6661 sayılı kanunun teşviki, puanlık teşvik veya asgari ücret desteği olarak da bilinir. Bir işveren, işyerinde çalıştırdığı asgari ücretlilerin toplam gününü belli bir puanla çarpar. Çıkan rakam ödeyeceği prim tutarından mahsup edilir. Örneklemek gerekirse, bir işyerinde Ocak ayında çalışan 5 asgari ücretli, 2 diğer ücretli personel olsun. Asgari ücretli 5 personelden 1’i rahatsızlığı sebebiyle tüm ay çalışmazken, diğer tüm personeller 30 gün boyunca tam çalışmış olsun. İşveren, sigorta primini öderken 120 x 5 = 600 TL prim indirimi alır. Bu teşvikte, diğer teşviklerde de olduğu gibi işverenin vadesi geçmiş borcunun olmaması gerekir. Ayrıca bu teşvik, tahakkuk esnasında değil ödeme esnasında çıkar. Bildirgelerin gönderilmesi esnasında teşvik tutarı görülemez. Ancak ödeme yapılırken teşvik tutarı görülebilir. Bu bağlamda, Ocak ayında personellerden elde etmiş olduğunuz asgari ücret indirimi tutarından Şubat ayında faydalanabilirsiniz.
Yukarıda verilen 5 rakamı 2019 için geçerlidir. Normal şartlar altında 2020 yılında bu teşviğin kalkması beklenirken, içinde bulunduğumuz virüs sebebiyle istihdamın azalmaması için devam ettirilmesi kararı alınmış ve 2.5 TL’ye düşürülmüştür. Bu açıdan baktığınız zaman, tam ay çalışan bir asgari ücretli personel için 75 TL indirim alınabilecektir.

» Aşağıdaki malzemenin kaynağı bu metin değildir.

(* Let $\mathcal{S}$ be an instance space, $\mathcal{W}$ a hypothesis space, and $\ell:\mathcal{S}\times\mathcal{W}\to\mathbb{R}^+$ a nonnegative loss. Consider a distributed learning problem with $K$ users: for each $k\in\{1,\ldots,K\}$, user $k$ holds a dataset $\mathbf{S}_k=(S_{k,1},\ldots,S_{k,n_k})$ with law $\pi_k^{\otimes n_k}$ for an (unknown) distribution $\pi_k$ on $\mathcal{S}$, the datasets $\mathbf{S}_1,\ldots,\mathbf{S}_K$ being independent; user $k$ outputs $W_k\in\mathcal{W}$ according to a conditional distribution $P_{W_k|\mathbf{S}_k}$, and a fusion algorithm outputs $\widehat W\in\mathcal{W}$ according to $P_{\widehat W|W_1,\ldots,W_K}$. Denote this distributed learning algorithm by $\mathcal{A}_K$, let $n=\sum_{k=1}^K n_k$, $\mu=\prod_{k=1}^K\pi_k$, and let $P_{\widehat W}$ be the marginal law of $\widehat W$. For each $k$, let $(\bar S_k,\bar W)\sim\pi_k\otimes P_{\widehat W}$ (independent), let $\Lambda_k(\lambda)$ be the cumulant generating function of $\ell(\bar S_k,\bar W)$, i.e. $\Lambda_k(\lambda)=\log\mathbb{E}\big[e^{\lambda(\ell(\bar S_k,\bar W)-\mathbb{E}[\ell(\bar S_k,\bar W)])}\big]$, and suppose there are $b_{k\pm}\in(0,\infty]$ and convex functions $\psi_{k\pm}:[0,b_{k\pm})\to\mathbb{R}$ with $\psi_{k\pm}(0)=\psi_{k\pm}'(0)=0$ such that $\Lambda_k(\lambda)\le\psi_{k+}(\lambda)$ for $\lambda\in[0,b_{k+})$ and $\Lambda_k(\lambda)\le\psi_{k-}(-\lambda)$ for $\lambda\in(-b_{k-},0]$. Then \[ -\frac1n\sum_{k=1}^K\sum_{i=1}^{n_k}\psi_{k+}^{\ast-1}\big(I(S_{k,i};\widehat W)\big)\;\le\;{\rm gen}(\mu;\mathcal{A}_K)\;\le\;\frac1n\sum_{k=1}^K\sum_{i=1}^{n_k}\psi_{k-}^{\ast-1}\big(I(S_{k,i};\widehat W)\big). \]
   Context: For $w\in\mathcal{W}$, $L_{\pi_k}(w)=\mathbb{E}_{S\sim\pi_k}[\ell(S,w)]$ and $L_{\mathbf{S}_k}(w)=\frac1{n_k}\sum_{i=1}^{n_k}\ell(S_{k,i},w)$. The distributed expected risk is $L_\mu(w)=\sum_{k=1}^K\frac{n_k}{n}L_{\pi_k}(w)$, the distributed empirical risk is $L_{\mathbf{S}_K}(w)=\sum_{k=1}^K\frac{n_k}{n}L_{\mathbf{S}_k}(w)$, and the expected generalization error is ${\rm gen}(\mu;\mathcal{A}_K)=\mathbb{E}[L_\mu(\widehat W)-L_{\mathbf{S}_K}(\widehat W)]$. $I(\cdot;\cdot)$ is mutual information. For a convex $\psi:[0,b)\to\mathbb{R}$, $\psi^\ast(x)=\sup_{\lambda\in[0,b)}(\lambda x-\psi(\lambda))$ is its Legendre dual and $\psi^{\ast-1}$ the inverse of $\psi^\ast$ (on $[0,\infty)$). *)

theory Defs
  imports "HOL-Probability.Probability"
begin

17103 – 27103 Sayılı Kanun Teşviki

Bu teşvik 4447 İlave İstihdam teşviki olarak da bilinir. 17103 sayılı kanundan yalnızca imalat ve bilişim sektörü yararlanabilir. Diğer sektörler 27103 sayılı kanun kapsamında değerlendirilir. Başlıca şartı, 6111 sayılı kanun teşviğinde olduğu gibi ortalama sayı esas alınır. Yalnızca ortalama sayının üstünde kalan personeller bu teşvikten yararlanabilecektir. Yine aynı şekilde, işe giren personelin daha önce bu teşvikten yararlandırılmamış olmasına dikkat edilmelidir. Daha önce yararlandırılmış olan personel, tekrar aynı teşvikten yararlandırılamaz. Ayrıca, daha önce teşvikten yararlandırılmamış olsa dahi, personelin son 3 ay içinde 10 günden fazla sigortalı günü olmaması gerekir. Burada hedeflenen, uzun süre işsiz kalmış personellerin istihdamını sağlamaktır. Diğer tüm teşviklerde olduğu gibi bu teşvikte de işverenin SGK’ya borcunun olmaması gerekir. 27103 veya 17103 sayılı kanunlarla teşvikten yararlanmak için, 6111 sayılı kanundaki gibi son 6 aya değil bir önceki yılın ortalamasına bakılır. Ayrıca bir işyerinin bu teşvikten yararlanabilmesi için sigorta dosyası açılışının üzerinden en az 3 ay geçmiş olması gerekmektedir.
Bu ilave istihdam desteği süreli bir destek, 2020 yılın sonunda biteceği yetkililerce belirtildi. Fakat elbette diğer tüm teşviklerde olduğu gibi uzama ihtimali olabilir. İstihdam için gerçekten etkili oldu -her ne kadar bu durumu kötü amaçla kullanıp eşini dostunu sigortalı gösteren işyerleri olsa dahi-. Ancak son zamanlarda yaşadığımız pandemi durumu devleti de yormuş durumda ve özellikle Sosyal Güvenlik Kurumu zor zamanlar yaşamaktadır. Teşvik verilmesi işveren ve işçi için iyi olabilir, ancak bu durum devleti zora sokacaksa sosyal refah yine düşecek, işveren ve işçinin teşviklerle kuşatılmasının hiçbir önemi kalmayacaktır.
Bu tarz teşviklerde, devlet indirim veya istisna verirken SGK’nın işsizlik fonunda birikmiş olan paraya dayanarak karar alır. İşsizlik fonunda işçilerin güvenliği için biriken bu para, işçinin istihdamı için yeniden piyasaya sürülür.
İlave istihdam teşviğinde sigorta primlerine ek olarak işçiden kesilen vergilerde de indirim olabilir. Gelir vergisi ve damga vergisinde indirim de sağlanabilir.
4447 sayılı kanunu daha detaylı incelemek isterseniz buradan ulaşabilirsiniz.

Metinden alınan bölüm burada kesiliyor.